Но вот настало время опороситься десяти свиноматкам. Оба свиновода, а особенно Нонка, в течение двух лет прилагали все усилия, чтобы все свиноматки опоросились в одно и то же время. При такой системе опороса поросята требуют одинакового ухода, и это экономит время и силы. Но зато работа во время самого опороса очень напряженная.

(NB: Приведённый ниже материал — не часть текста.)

(* Let $g:[0,1]^2\to\mathbb{R}$ be symmetric (i.e. $g((x,y))=g((y,x))$ for all $(x,y)\in[0,1]^2$) and strictly increasing in both $x$ and $y$ (i.e. $g((x,y))>g((x',y))$ whenever $x>x'$ and $g((x,y))>g((x,y'))$ whenever $y>y'$). Consider the greedy algorithm that processes the points of a finite set $S\subset[0,1]^2$ containing the origin in any order in which $p$ is processed before $q$ whenever $g(p)>g(q)$. Then the worst-case approximation ratio of this algorithm is at most $3/4$; that is, $$\inf_{S}\frac{\mathrm{area}(R_{\mathrm{greedy}}(S))}{\mathrm{OPT}(S)}\le \frac34,$$ where the infimum is over all finite $S\subset[0,1]^2$ with $(0,0)\in S$, $R_{\mathrm{greedy}}(S)$ is the packing output by the algorithm, and $\mathrm{OPT}(S)$ is the maximum area of a lower-left anchored rectangle packing of $S$.
   Context: $U=[0,1]^2$. For a point $p$, $x(p),y(p)$ are its coordinates. A rectangle is lower-left anchored at $p$ if it is an axis-parallel rectangle with lower-left corner $p$ (a point or segment counts as a degenerate rectangle of area $0$). A lower-left anchored rectangle packing (LLARP) of $S$ is a set of axis-parallel rectangles contained in $U$, pairwise interior-disjoint, with one rectangle lower-left anchored at each point of $S$, none containing a point of $S$ in its interior; its area is the area of the union of its rectangles. The greedy algorithm for a given processing order: start with $R=\emptyset$; for each point $p$ in the order, add to $R$ a maximum-area rectangle contained in $U$, lower-left anchored at $p$, interior-disjoint from the rectangles already in $R$ and containing no point of $S$ in its interior; return $R$. *)

theory Defs
  imports "HOL-Analysis.Analysis"
begin

text \<open>Points are pairs of reals. An axis-parallel rectangle is represented by its
lower-left corner and its upper-right corner (degenerate ones allowed).\<close>

type_synonym point = "real \<times> real"
type_synonym rect = "point \<times> point"

definition unit_sq :: "point set" where
  "unit_sq = {0..1} \<times> {0..1}"

definition rect_set :: "rect \<Rightarrow> point set" where
  "rect_set r = {fst (fst r) .. fst (snd r)} \<times> {snd (fst r) .. snd (snd r)}"

definition rect_int :: "rect \<Rightarrow> point set" where
  "rect_int r = {fst (fst r) <..< fst (snd r)} \<times> {snd (fst r) <..< snd (snd r)}"

definition rect_area :: "rect \<Rightarrow> real" where
  "rect_area r = (fst (snd r) - fst (fst r)) * (snd (snd r) - snd (fst r))"

definition anchored_ok :: "point set \<Rightarrow> point \<Rightarrow> rect \<Rightarrow> bool" where
  "anchored_ok S p r \<longleftrightarrow> fst r = p \<and> fst p \<le> fst (snd r) \<and> snd p \<le> snd (snd r)
     \<and> rect_set r \<subseteq> unit_sq \<and> (\<forall>q\<in>S. q \<notin> rect_int r)"

definition is_llarp :: "point set \<Rightarrow> rect set \<Rightarrow> bool" where
  "is_llarp S R \<longleftrightarrow> (\<exists>f. R = f ` S \<and> (\<forall>p\<in>S. anchored_ok S p (f p))
     \<and> (\<forall>p\<in>S. \<forall>q\<in>S. p \<noteq> q \<longrightarrow> rect_int (f p) \<inter> rect_int (f q) = {}))"

definition packing_area :: "rect set \<Rightarrow> real" where
  "packing_area R = measure lborel (\<Union> (rect_set ` R))"

definition OPT :: "point set \<Rightarrow> real" where
  "OPT S = Sup {packing_area R | R. is_llarp S R}"

definition greedy_cand :: "point set \<Rightarrow> rect set \<Rightarrow> point \<Rightarrow> rect \<Rightarrow> bool" where
  "greedy_cand S prev p r \<longleftrightarrow> anchored_ok S p r \<and> (\<forall>r'\<in>prev. rect_int r \<inter> rect_int r' = {})"

text \<open>The output is set rs.\<close>
definition greedy_run :: "(point \<Rightarrow> real) \<Rightarrow> point set \<Rightarrow> point list \<Rightarrow> rect list \<Rightarrow> bool" where
  "greedy_run g S ps rs \<longleftrightarrow> distinct ps \<and> set ps = S \<and> length rs = length ps
     \<and> (\<forall>i<length ps. \<forall>j<length ps. g (ps ! i) > g (ps ! j) \<longrightarrow> i < j)
     \<and> (\<forall>i<length ps. greedy_cand S (set (take i rs)) (ps ! i) (rs ! i)
          \<and> (\<forall>r. greedy_cand S (set (take i rs)) (ps ! i) r \<longrightarrow> rect_area r \<le> rect_area (rs ! i)))"

end

theory Submission
  imports Defs
begin

text \<open>The bad instance is self-similar. A gadget consists of the six points
  \<open>(0, 0), (0, a), (c, 0), (c, h), (c, z), (z, h)\<close> of the unit square; level \<open>k\<close> is a copy
  of it shrunk by \<open>(1 - z)\<^sup>k\<close> towards \<open>(1, 1)\<close>, and after \<open>n\<close> levels one point takes the
  remaining square. As \<open>g\<close> increases with the sorted coordinates, the processing order within
  a gadget is fixed, and every greedy choice is forced: \<open>(0, a)\<close> prefers the wide rectangle
  up to height \<open>h\<close> to the tall one of width \<open>c\<close>, so the strip \<open>[0, c] \<times> [h, 1]\<close> of each
  gadget stays uncovered, while another packing covers the whole square. Greedy thus loses
  \<open>c (1 - h)\<close> of the area \<open>1 - (1 - z)\<^sup>2 \<approx> 4c\<close> of every level, which for \<open>h = 2c\<close> and
  \<open>z \<approx> 2c\<close> tends to a quarter.\<close>

section \<open>Rectangles\<close>

lemma mem_rect_int:
  "q \<in> rect_int r \<longleftrightarrow>
     fst (fst r) < fst q \<and> fst q < fst (snd r) \<and> snd (fst r) < snd q \<and> snd q < snd (snd r)"
  by (cases q) (auto simp: rect_int_def)

lemma rect_int_disjointI:
  assumes "x1 \<le> x0' \<or> x1' \<le> x0 \<or> y1 \<le> y0' \<or> y1' \<le> y0"
  shows "rect_int ((x0, y0), (x1, y1)) \<inter> rect_int ((x0', y0'), (x1', y1')) = {}"
  using assms by (auto simp: rect_int_def)

lemma rect_int_disjoint_iff:
  fixes x0 y0 x1 y1 x0' y0' x1' y1' :: real
  assumes "x0 < x1" "y0 < y1" "x0' < x1'" "y0' < y1'"
  shows "rect_int ((x0, y0), (x1, y1)) \<inter> rect_int ((x0', y0'), (x1', y1')) = {} \<longleftrightarrow>
    x1 \<le> x0' \<or> x1' \<le> x0 \<or> y1 \<le> y0' \<or> y1' \<le> y0"
proof
  assume disj: "rect_int ((x0, y0), (x1, y1)) \<inter> rect_int ((x0', y0'), (x1', y1')) = {}"
  show "x1 \<le> x0' \<or> x1' \<le> x0 \<or> y1 \<le> y0' \<or> y1' \<le> y0"
  proof (rule ccontr)
    assume "\<not> ?thesis"
    then have "((max x0 x0' + min x1 x1') / 2, (max y0 y0' + min y1 y1') / 2)
        \<in> rect_int ((x0, y0), (x1, y1)) \<inter> rect_int ((x0', y0'), (x1', y1'))"
      using assms by (auto simp: rect_int_def max_def min_def)
    with disj show False by simp
  qed
qed (rule rect_int_disjointI)

lemma rect_area_pos_imp_less:
  assumes "p \<le> w" "0 < rect_area (p, w)"
  shows "fst p < fst w" "snd p < snd w"
  using assms by (auto simp: rect_area_def less_eq_prod_def zero_less_mult_iff)

lemma mult_eq_if_le_mult:
  fixes a b A B :: real
  assumes "0 \<le> a" "a \<le> A" "0 \<le> b" "b \<le> B" "0 < A" "0 < B" "A * B \<le> a * b"
  shows "a = A" "b = B"
proof -
  have "a * b \<le> a * B" "a * B \<le> A * B"
    using assms by (auto intro: mult_left_mono mult_right_mono)
  then have "a * B = A * B" using assms(7) by linarith
  then show "a = A" using \<open>0 < B\<close> by simp
  then show "b = B" using assms(4,5,7) by (simp add: mult_le_cancel_left_pos)
qed

lemma rect_corner_eq_if_area_ge:
  assumes "p \<le> w" "w \<le> W" "0 < rect_area (p, W)" "rect_area (p, W) \<le> rect_area (p, w)"
  shows "w = W"
proof -
  have "fst p < fst W" "snd p < snd W"
    using rect_area_pos_imp_less[of p W] assms(1,2,3) order_trans by blast+
  then have "fst w - fst p = fst W - fst p" "snd w - snd p = snd W - snd p"
    using mult_eq_if_le_mult[of "fst w - fst p" "fst W - fst p" "snd w - snd p" "snd W - snd p"]
      assms(1,2,4) by (auto simp: rect_area_def less_eq_prod_def)
  then show ?thesis by (simp add: prod_eq_iff)
qed

lemma rect_set_eq_cbox: "rect_set r = cbox (fst r) (snd r)"
  by (cases r) (auto simp: rect_set_def cbox_Pair_eq)

lemma rect_int_eq_box: "rect_int r = box (fst r) (snd r)"
  by (auto simp: mem_rect_int mem_box Basis_prod_def inner_prod_def)

lemma measure_rect_set:
  assumes "fst r \<le> snd r"
  shows "measure lebesgue (rect_set r) = rect_area r"
proof -
  obtain x0 y0 x1 y1 where r: "r = ((x0, y0), (x1, y1))" by (metis prod.collapse)
  have "measure lebesgue (rect_set r) = measure lborel (cbox (x0, y0) (x1, y1))"
    by (simp add: r rect_set_eq_cbox)
  also have "\<dots> = rect_area r"
    using assms by (simp add: r content_Pair rect_area_def less_eq_prod_def)
  finally show ?thesis .
qed

lemma negligible_rect_set_Int:
  assumes "rect_int r \<inter> rect_int r' = {}"
  shows "negligible (rect_set r \<inter> rect_set r')"
proof (rule negligible_subset)
  show "negligible ((rect_set r - rect_int r) \<union> (rect_set r' - rect_int r'))"
    by (simp add: rect_set_eq_cbox rect_int_eq_box negligible_frontier_interval negligible_Un)
  show "rect_set r \<inter> rect_set r' \<subseteq> (rect_set r - rect_int r) \<union> (rect_set r' - rect_int r')"
    using assms by blast
qed

section \<open>Packings and their area\<close>

definition llarp_map :: "point set \<Rightarrow> (point \<Rightarrow> rect) \<Rightarrow> bool" where
  "llarp_map S F \<longleftrightarrow> (\<forall>p\<in>S. anchored_ok S p (F p))
     \<and> (\<forall>p\<in>S. \<forall>q\<in>S. p \<noteq> q \<longrightarrow> rect_int (F p) \<inter> rect_int (F q) = {})"

lemma is_llarp_iff: "is_llarp S R \<longleftrightarrow> (\<exists>F. R = F ` S \<and> llarp_map S F)"
  by (auto simp: is_llarp_def llarp_map_def)

lemma anchored_ok_le: "anchored_ok S p r \<Longrightarrow> fst r \<le> snd r"
  by (auto simp: anchored_ok_def less_eq_prod_def)

text \<open>The rectangles of a packing overlap only in their boundaries, which are null sets.\<close>
lemma packing_area_eq_sum:
  assumes "finite S" "llarp_map S F"
  shows "packing_area (F ` S) = (\<Sum>p\<in>S. rect_area (F p))"
proof -
  have "packing_area (F ` S) = measure lborel (\<Union>p\<in>S. rect_set (F p))"
    by (simp add: packing_area_def image_image)
  also have "\<dots> = measure lebesgue (\<Union>p\<in>S. rect_set (F p))"
    using assms(1) by (intro measure_completion[symmetric]) (auto simp: rect_set_eq_cbox)
  also have "\<dots> = (\<Sum>p\<in>S. measure lebesgue (rect_set (F p)))"
  proof (rule measure_negligible_finite_Union_image[OF assms(1)])
    show "pairwise (\<lambda>p q. negligible (rect_set (F p) \<inter> rect_set (F q))) S"
      using assms(2) unfolding pairwise_def llarp_map_def by (blast intro: negligible_rect_set_Int)
  qed (simp add: rect_set_eq_cbox)
  also have "\<dots> = (\<Sum>p\<in>S. rect_area (F p))"
    using assms(2) by (intro sum.cong refl measure_rect_set)
      (auto simp: llarp_map_def intro: anchored_ok_le)
  finally show ?thesis .
qed

lemma packing_area_le_1:
  assumes "finite S" "is_llarp S R"
  shows "packing_area R \<le> 1"
proof -
  obtain F where R: "R = F ` S" and F: "\<forall>p\<in>S. anchored_ok S p (F p)"
    using assms(2) by (auto simp: is_llarp_def)
  have "\<Union> (rect_set ` R) \<subseteq> cbox (0, 0) (1, 1)"
    using F by (auto simp: R anchored_ok_def unit_sq_def cbox_Pair_eq)
  moreover have "\<Union> (rect_set ` R) \<in> sets lborel"
    using assms(1) by (auto simp: R rect_set_eq_cbox)
  ultimately have "packing_area R \<le> measure lborel (cbox (0, 0) (1::real, 1::real))"
    unfolding packing_area_def by (intro measure_mono_fmeasurable) auto
  then show ?thesis by (simp add: content_Pair)
qed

Нонка и дед Ламби ожидали это событие с тревогой и волнением. Было приготовлено все необходимое: корм, весы, ящички, устланные мягкой соломой и покрытые материей, дезинфекционные средства. Свиноводы расхаживали в своих белых халатах, похожие на врачей во время обхода, от бокса к боксу и осматривали маток. В первом блоке лежала Зорница, белая свинья с тупым рыльцем. Дед Ламби питал к ней большую слабость. Первой кормил ее и поил, заботливо чистил, старался угодить во всем. Зорница чувствовала его любовь. Как только он приближался к ней, вставала на ноги, хрюкала, тихо и звучно и высовывала свое рыльце из бокса. Но теперь она неподвижно лежала, тяжелая, грузная, с воспаленными веками и смотрела перед собой с полным равнодушием. Дед Ламби всячески старался рассеять ее страх, давая ей корм получше, повкуснее. Но Зорница только макала рыльце в корыто, тянула жижу и снова опускала на пол свою белую голову.
— Все рожают, родишь и ты! — успокаивал ее дед Ламби, поглаживая по спине. Потом поглядывал на дощечку над боксом с надписью: опорос десятого декабря, и говорил себе: — Остается еще два дня.
Под вечер Нонка отправилась в село. По белой глади снега медленно ползли ночные тени и, как черные караваны, утомленные после долгого, неведомого пути, ложились в ложбинки. Пустынная угнетающая тишина стояла над полем. Солнце еще не зашло. Две тучи, как две громадные, золотистые по краям скалы, скрывали его лик. Нонка шла по одинокой стежке, понурив голову, подавленная и огорченная. Ее неотступно мучила упорная мысль, что между нею и Петром возникла какая-то темная и страшная пустота, которая омрачит их счастье.